TASK STATEMENT:
Reproduce the entries below in full, word for word.

EXERCISE DATA:
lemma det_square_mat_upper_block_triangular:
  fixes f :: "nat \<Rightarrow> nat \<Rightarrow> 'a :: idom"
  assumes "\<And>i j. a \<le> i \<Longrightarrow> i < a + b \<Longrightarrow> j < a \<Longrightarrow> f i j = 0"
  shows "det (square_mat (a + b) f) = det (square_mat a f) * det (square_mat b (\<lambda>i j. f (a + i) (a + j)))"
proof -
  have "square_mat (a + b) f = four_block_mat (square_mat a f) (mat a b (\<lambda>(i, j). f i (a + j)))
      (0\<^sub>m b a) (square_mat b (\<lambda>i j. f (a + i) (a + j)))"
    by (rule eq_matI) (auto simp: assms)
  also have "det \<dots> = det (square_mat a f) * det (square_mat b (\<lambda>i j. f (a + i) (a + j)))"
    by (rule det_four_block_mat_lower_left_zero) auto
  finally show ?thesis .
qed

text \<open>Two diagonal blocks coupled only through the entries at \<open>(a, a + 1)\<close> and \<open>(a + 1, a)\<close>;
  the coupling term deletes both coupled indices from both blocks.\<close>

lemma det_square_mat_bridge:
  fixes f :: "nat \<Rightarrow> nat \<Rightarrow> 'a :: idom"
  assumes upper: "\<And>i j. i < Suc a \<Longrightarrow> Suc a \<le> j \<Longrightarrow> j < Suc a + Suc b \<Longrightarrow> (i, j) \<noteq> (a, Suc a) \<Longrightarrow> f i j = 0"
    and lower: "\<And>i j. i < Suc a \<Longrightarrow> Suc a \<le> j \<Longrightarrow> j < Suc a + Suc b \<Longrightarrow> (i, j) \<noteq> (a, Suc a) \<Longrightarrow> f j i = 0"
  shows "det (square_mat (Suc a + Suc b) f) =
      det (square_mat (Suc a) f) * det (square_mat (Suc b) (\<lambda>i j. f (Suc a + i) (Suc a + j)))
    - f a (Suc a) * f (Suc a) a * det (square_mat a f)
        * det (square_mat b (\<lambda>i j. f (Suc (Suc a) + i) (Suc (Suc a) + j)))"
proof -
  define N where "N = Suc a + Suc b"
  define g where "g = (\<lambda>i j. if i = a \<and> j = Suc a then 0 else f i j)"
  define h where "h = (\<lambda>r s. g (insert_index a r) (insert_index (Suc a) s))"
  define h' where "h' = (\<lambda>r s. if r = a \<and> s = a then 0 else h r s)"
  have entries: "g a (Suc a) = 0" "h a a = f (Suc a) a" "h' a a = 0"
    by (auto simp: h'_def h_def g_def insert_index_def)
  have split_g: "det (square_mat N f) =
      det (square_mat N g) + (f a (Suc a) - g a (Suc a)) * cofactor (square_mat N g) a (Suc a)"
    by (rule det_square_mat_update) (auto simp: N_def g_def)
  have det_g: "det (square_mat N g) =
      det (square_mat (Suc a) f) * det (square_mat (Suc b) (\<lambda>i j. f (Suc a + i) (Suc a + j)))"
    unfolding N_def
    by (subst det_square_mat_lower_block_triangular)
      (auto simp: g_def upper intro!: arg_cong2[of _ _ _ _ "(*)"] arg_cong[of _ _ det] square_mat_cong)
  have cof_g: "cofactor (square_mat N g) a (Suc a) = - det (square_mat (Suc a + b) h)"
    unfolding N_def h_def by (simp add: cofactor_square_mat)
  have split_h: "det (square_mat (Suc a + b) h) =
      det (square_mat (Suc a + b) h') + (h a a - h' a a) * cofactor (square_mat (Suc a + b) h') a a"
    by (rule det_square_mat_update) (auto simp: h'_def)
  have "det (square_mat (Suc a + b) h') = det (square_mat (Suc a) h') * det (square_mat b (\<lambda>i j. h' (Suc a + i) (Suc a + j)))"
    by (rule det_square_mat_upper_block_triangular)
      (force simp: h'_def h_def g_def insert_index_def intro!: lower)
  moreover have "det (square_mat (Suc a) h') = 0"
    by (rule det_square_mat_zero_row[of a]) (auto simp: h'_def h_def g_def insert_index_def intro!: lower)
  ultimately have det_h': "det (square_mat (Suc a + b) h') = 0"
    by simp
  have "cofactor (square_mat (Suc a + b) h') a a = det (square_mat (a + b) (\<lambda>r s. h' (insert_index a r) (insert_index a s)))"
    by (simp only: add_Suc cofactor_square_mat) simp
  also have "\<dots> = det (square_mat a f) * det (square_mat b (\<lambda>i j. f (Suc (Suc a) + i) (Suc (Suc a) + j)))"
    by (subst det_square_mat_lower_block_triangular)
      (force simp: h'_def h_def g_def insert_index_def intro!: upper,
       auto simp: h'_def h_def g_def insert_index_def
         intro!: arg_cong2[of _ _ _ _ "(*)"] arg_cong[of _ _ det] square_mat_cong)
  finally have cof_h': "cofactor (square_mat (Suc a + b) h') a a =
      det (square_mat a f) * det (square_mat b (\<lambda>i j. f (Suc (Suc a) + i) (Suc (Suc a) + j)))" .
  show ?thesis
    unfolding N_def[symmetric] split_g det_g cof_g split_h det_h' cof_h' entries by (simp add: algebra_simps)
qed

EXERCISE SOLUTION:
lemma det_square_mat_upper_block_triangular:
  fixes f :: "nat \<Rightarrow> nat \<Rightarrow> 'a :: idom"
  assumes "\<And>i j. a \<le> i \<Longrightarrow> i < a + b \<Longrightarrow> j < a \<Longrightarrow> f i j = 0"
  shows "det (square_mat (a + b) f) = det (square_mat a f) * det (square_mat b (\<lambda>i j. f (a + i) (a + j)))"
proof -
  have "square_mat (a + b) f = four_block_mat (square_mat a f) (mat a b (\<lambda>(i, j). f i (a + j)))
      (0\<^sub>m b a) (square_mat b (\<lambda>i j. f (a + i) (a + j)))"
    by (rule eq_matI) (auto simp: assms)
  also have "det \<dots> = det (square_mat a f) * det (square_mat b (\<lambda>i j. f (a + i) (a + j)))"
    by (rule det_four_block_mat_lower_left_zero) auto
  finally show ?thesis .
qed

text \<open>Two diagonal blocks coupled only through the entries at \<open>(a, a + 1)\<close> and \<open>(a + 1, a)\<close>;
  the coupling term deletes both coupled indices from both blocks.\<close>

lemma det_square_mat_bridge:
  fixes f :: "nat \<Rightarrow> nat \<Rightarrow> 'a :: idom"
  assumes upper: "\<And>i j. i < Suc a \<Longrightarrow> Suc a \<le> j \<Longrightarrow> j < Suc a + Suc b \<Longrightarrow> (i, j) \<noteq> (a, Suc a) \<Longrightarrow> f i j = 0"
    and lower: "\<And>i j. i < Suc a \<Longrightarrow> Suc a \<le> j \<Longrightarrow> j < Suc a + Suc b \<Longrightarrow> (i, j) \<noteq> (a, Suc a) \<Longrightarrow> f j i = 0"
  shows "det (square_mat (Suc a + Suc b) f) =
      det (square_mat (Suc a) f) * det (square_mat (Suc b) (\<lambda>i j. f (Suc a + i) (Suc a + j)))
    - f a (Suc a) * f (Suc a) a * det (square_mat a f)
        * det (square_mat b (\<lambda>i j. f (Suc (Suc a) + i) (Suc (Suc a) + j)))"
proof -
  define N where "N = Suc a + Suc b"
  define g where "g = (\<lambda>i j. if i = a \<and> j = Suc a then 0 else f i j)"
  define h where "h = (\<lambda>r s. g (insert_index a r) (insert_index (Suc a) s))"
  define h' where "h' = (\<lambda>r s. if r = a \<and> s = a then 0 else h r s)"
  have entries: "g a (Suc a) = 0" "h a a = f (Suc a) a" "h' a a = 0"
    by (auto simp: h'_def h_def g_def insert_index_def)
  have split_g: "det (square_mat N f) =
      det (square_mat N g) + (f a (Suc a) - g a (Suc a)) * cofactor (square_mat N g) a (Suc a)"
    by (rule det_square_mat_update) (auto simp: N_def g_def)
  have det_g: "det (square_mat N g) =
      det (square_mat (Suc a) f) * det (square_mat (Suc b) (\<lambda>i j. f (Suc a + i) (Suc a + j)))"
    unfolding N_def
    by (subst det_square_mat_lower_block_triangular)
      (auto simp: g_def upper intro!: arg_cong2[of _ _ _ _ "(*)"] arg_cong[of _ _ det] square_mat_cong)
  have cof_g: "cofactor (square_mat N g) a (Suc a) = - det (square_mat (Suc a + b) h)"
    unfolding N_def h_def by (simp add: cofactor_square_mat)
  have split_h: "det (square_mat (Suc a + b) h) =
      det (square_mat (Suc a + b) h') + (h a a - h' a a) * cofactor (square_mat (Suc a + b) h') a a"
    by (rule det_square_mat_update) (auto simp: h'_def)
  have "det (square_mat (Suc a + b) h') = det (square_mat (Suc a) h') * det (square_mat b (\<lambda>i j. h' (Suc a + i) (Suc a + j)))"
    by (rule det_square_mat_upper_block_triangular)
      (force simp: h'_def h_def g_def insert_index_def intro!: lower)
  moreover have "det (square_mat (Suc a) h') = 0"
    by (rule det_square_mat_zero_row[of a]) (auto simp: h'_def h_def g_def insert_index_def intro!: lower)
  ultimately have det_h': "det (square_mat (Suc a + b) h') = 0"
    by simp
  have "cofactor (square_mat (Suc a + b) h') a a = det (square_mat (a + b) (\<lambda>r s. h' (insert_index a r) (insert_index a s)))"
    by (simp only: add_Suc cofactor_square_mat) simp
  also have "\<dots> = det (square_mat a f) * det (square_mat b (\<lambda>i j. f (Suc (Suc a) + i) (Suc (Suc a) + j)))"
    by (subst det_square_mat_lower_block_triangular)
      (force simp: h'_def h_def g_def insert_index_def intro!: upper,
       auto simp: h'_def h_def g_def insert_index_def
         intro!: arg_cong2[of _ _ _ _ "(*)"] arg_cong[of _ _ det] square_mat_cong)
  finally have cof_h': "cofactor (square_mat (Suc a + b) h') a a =
      det (square_mat a f) * det (square_mat b (\<lambda>i j. f (Suc (Suc a) + i) (Suc (Suc a) + j)))" .
  show ?thesis
    unfolding N_def[symmetric] split_g det_g cof_g split_h det_h' cof_h' entries by (simp add: algebra_simps)
qed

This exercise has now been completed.